_Exercise prompt_. The expected output is every line from the one containing "by (simp add: funpow_Suc_right" to the end of the data below, exactly, and no other line.

_Data shown_.
((
lemma center_iff: "z \<in> Z \<longleftrightarrow> (\<forall>x. br z x = 0)"
  by (simp add: lie_center_def)

lemma br_center_left: "z \<in> Z \<Longrightarrow> br z x = 0"
  by (simp add: center_iff)

lemma br_center_right: "z \<in> Z \<Longrightarrow> br x z = 0"
  using br_antisym[of z x] by (simp add: center_iff)

lemma br_in_center: "br u v \<in> Z"
  by (simp add: center_iff)

lemma zero_in_center [simp]: "0 \<in> Z"
  by (rule subspace_0[OF subspace_center])

lemma cong_refl: "u \<approx> u"
  by simp

lemma cong_sym: "u \<approx> v \<Longrightarrow> v \<approx> u"
  using subspace_neg[OF subspace_center, of "u - v"] by simp

lemma cong_trans [trans]: "u \<approx> v \<Longrightarrow> v \<approx> w \<Longrightarrow> u \<approx> w"
  using subspace_add[OF subspace_center, of "u - v" "v - w"] by simp

lemma cong_add: "u \<approx> u' \<Longrightarrow> v \<approx> v' \<Longrightarrow> u + v \<approx> u' + v'"
  using subspace_add[OF subspace_center, of "u - u'" "v - v'"] by (simp add: algebra_simps)

lemma cong_scale: "u \<approx> v \<Longrightarrow> sc c u \<approx> sc c v"
  using subspace_scale[OF subspace_center, of "u - v" c] by (simp add: scale_right_diff_distrib)

lemma p_center_commute: "z \<in> Z \<Longrightarrow> p z u = p u z"
  using p_commutator[of z u] by (simp add: br_center_left)

lemma p_commute_cong: "p u v \<approx> p v u"
  by (simp add: p_commutator br_in_center)

lemma p_assoc_center: assumes "z \<in> Z" shows "p y (p w z) = p (p y w) z"
  using p_left_symmetric[of z y w] p_center_commute[OF assms, of w]
    p_center_commute[OF assms, of "p y w"] assms by (simp add: br_center_left)

end

locale two_step_pre_lie_derivations = two_step_pre_lie sc br p
  for sc :: "'k::field_char_0 \<Rightarrow> 'v::ab_group_add \<Rightarrow> 'v" and br p +
  assumes derivation: "p x (br y z) = br (p x y) z + br y (p x z)"
    and center_derived: "lie_center br \<subseteq> span {br x y | x y. True}"
begin

lemma p_center_right: assumes "z \<in> Z" shows "p u z \<in> Z"
proof -
  have "br (p u z) y = 0" for y
    using derivation[of u z y] assms by (simp add: br_center_left)
  then show ?thesis
    by (simp add: center_iff)
qed

lemma p_center_left: "z \<in> Z \<Longrightarrow> p z u \<in> Z"
  by (simp add: p_center_commute p_center_right)

lemma p_cong_right: "v \<approx> w \<Longrightarrow> p u v \<approx> p u w"
  using p_center_right[of "v - w" u] by simp

lemma p_cong_left: "v \<approx> w \<Longrightarrow> p v u \<approx> p w u"
  using p_center_left[of "v - w" u] by simp

lemma p_assoc_cong: "p a (p b c) \<approx> p (p a b) c"
proof -
  have "p a (p b c) \<approx> p a (p c b)"
    by (rule p_cong_right[OF p_commute_cong])
  also have "p a (p c b) \<approx> p c (p a b)"
    using p_center_left[OF br_in_center[of a c], of b] by (simp add: p_left_symmetric)
  also have "p c (p a b) \<approx> p (p a b) c"
    by (rule p_commute_cong)
  finally show ?thesis .
qed

lemma p_center_center: assumes "z \<in> Z" and "w \<in> Z" shows "p z w = 0"
proof -
  have "w \<in> span {br x y | x y. True}"
    using \<open>w \<in> Z\<close> center_derived by blast
  moreover have "subspace {w. p z w = 0}"
    by (simp add: subspace_def)
  moreover have "p z (br a b) = 0" for a b
    using p_center_left[OF \<open>z \<in> Z\<close>] by (simp add: derivation br_center_left br_center_right)
  ultimately show ?thesis
    using span_subspace_induct[of w _ "{w. p z w = 0}"] by blast
qed

context
  fixes e
  assumes idempotent: "p e e \<approx> e"
begin

lemma left_mult_idempotent_on_center: "w \<in> Z \<Longrightarrow> p e (p e w) = p e w"
  using p_assoc_center[of w e e] p_center_center[OF idempotent] by simp

lemma left_mult_idempotent_cong: "p e (p e y) \<approx> p e y"
proof -
  have "p e (p e y) \<approx> p (p e e) y"
    by (rule p_assoc_cong)
  also have "p (p e e) y \<approx> p e y"
    by (rule p_cong_left[OF idempotent])
  finally show ?thesis .
qed

lemma br_idempotent_image: "br e (p e y) = 0"
proof -
  define u where "u = p e y"
  define w where "w = br e u"
  have "br e (p e u) = br e u"
    using br_center_right[OF left_mult_idempotent_cong[of y]] by (simp add: u_def)
  then have "p e w = w + w"
    using derivation[of e e u] br_center_left[OF idempotent, of u] by (simp add: w_def)
  moreover have "p e (p e w) = p e w"
    by (simp add: left_mult_idempotent_on_center w_def br_in_center)
  ultimately have "w + w = 0"
    by simp
  then have "sc 2 w = 0"
    using scale_left_distrib[of 1 1 w] by simp
  then show ?thesis
    by (simp add: w_def u_def)
qed

lemma br_idempotent_kernel: "br e (y - p e y) = 0"
proof -
  define y0 where "y0 = y - p e y"
  define z0 where "z0 = p e e - e"
  define w where "w = br e y0"
  define q where "q = p y0 e"
  have z0: "z0 \<in> Z"
    using idempotent by (simp add: z0_def)
  have ey0: "p e y0 \<in> Z"
    using cong_sym[OF left_mult_idempotent_cong[of y]] by (simp add: y0_def)
  have q: "q \<in> Z"
    using p_commutator[of e y0] subspace_diff[OF subspace_center ey0 br_in_center[of e y0]]
    by (simp add: q_def w_def algebra_simps)
  have pw: "p e w = w"
    using derivation[of e e y0] br_center_left[OF z0, of y0] br_center_right[OF ey0, of e]
    by (simp add: w_def z0_def)
  have "w = p w e"
    using p_center_commute[OF br_in_center[of e y0], of e] pw by (simp add: w_def)
  also have "\<dots> = p e q - (q + p y0 z0)"
    using p_left_symmetric[of e y0 e] by (simp add: w_def q_def z0_def)
  finally have "p e w = p e (p e q) - p e q - p e (p y0 z0)"
    by simp
  also have "\<dots> = - p (p e y0) z0"
    by (simp add: left_mult_idempotent_on_center[OF q] p_assoc_center[OF z0])
  also have "\<dots> = 0"
    by (simp add: p_center_center[OF ey0 z0])
  finally show ?thesis
    using pw by (simp add: w_def y0_def)
qed

lemma idempotent_mod_center_in_center: "e \<in> Z"
proof -
  have "br e y = 0" for y
    using br_idempotent_image[of y] br_idempotent_kernel[of y] by simp
  then show ?thesis
    by (simp add: center_iff)
qed

end

lemma funpow_p_add: "(p x ^^ k) (a + b) = (p x ^^ k) a + (p x ^^ k) b"
  and funpow_p_diff: "(p x ^^ k) (a - b) = (p x ^^ k) a - (p x ^^ k) b"
  and funpow_p_scale: "(p x ^^ k) (sc c a) = sc c ((p x ^^ k) a)"
  and funpow_p_zero: "(p x ^^ k) 0 = 0"
  by (induction k) simp_all

lemma funpow_p_center: "z \<in> Z \<Longrightarrow> (p x ^^ k) z \<in> Z"
  by (induction k) (simp_all add: p_center_right)

lemma funpow_p_cong: "u \<approx> v \<Longrightarrow> (p x ^^ k) u \<approx> (p x ^^ k) v"
  using funpow_p_center[where z = "u - v" and x = x and k = k] by (simp add: funpow_p_diff)

lemma funpow_derivation_br_vanish:
  assumes into_center: "\<And>v. (p x ^^ n) v \<in> Z" and "2 * n \<le> i + j + k"
  shows "(p x ^^ k) (br ((p x ^^ i) b) ((p x ^^ j) c)) = 0"
  using \<open>2 * n \<le> i + j + k\<close>
proof (induction k arbitrary: i j)
  case 0
  have "(p x ^^ m) v \<in> Z" if "n \<le> m" for m v
  proof -
    have "(p x ^^ m) v = (p x ^^ (m - n)) ((p x ^^ n) v)"
      using that by (metis funpow_add le_add_diff_inverse2 comp_apply)
    then show ?thesis
      using funpow_p_center[OF into_center] by simp
  qed
  moreover from 0 have "n \<le> i \<or> n \<le> j"
    by arith
  ultimately show ?case
    using br_center_left br_center_right by auto
next
  case (Suc k)
  have "(p x ^^ Suc k) (br ((p x ^^ i) b) ((p x ^^ j) c))
      = (p x ^^ k) (p x (br ((p x ^^ i) b) ((p x ^^ j) c)))"
    by (simp add: funpow_Suc_right del: funpow.simps)
  also have "\<dots> = (p x ^^ k) (br ((p x ^^ Suc i) b) ((p x ^^ j) c))
      + (p x ^^ k) (br ((p x ^^ i) b) ((p x ^^ Suc j) c))"
    by (simp add: derivation funpow_p_add)
  also have "\<dots> = 0"
    using Suc.IH[of "Suc i" j] Suc.IH[of i "Suc j"] Suc.prems by simp
  finally show ?case .
qed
))
_Reply to the task_.
    by (simp add: funpow_Suc_right del: funpow.simps)
  also have "\<dots> = (p x ^^ k) (br ((p x ^^ Suc i) b) ((p x ^^ j) c))
      + (p x ^^ k) (br ((p x ^^ i) b) ((p x ^^ Suc j) c))"
    by (simp add: derivation funpow_p_add)
  also have "\<dots> = 0"
    using Suc.IH[of "Suc i" j] Suc.IH[of i "Suc j"] Suc.prems by simp
  finally show ?case .
qed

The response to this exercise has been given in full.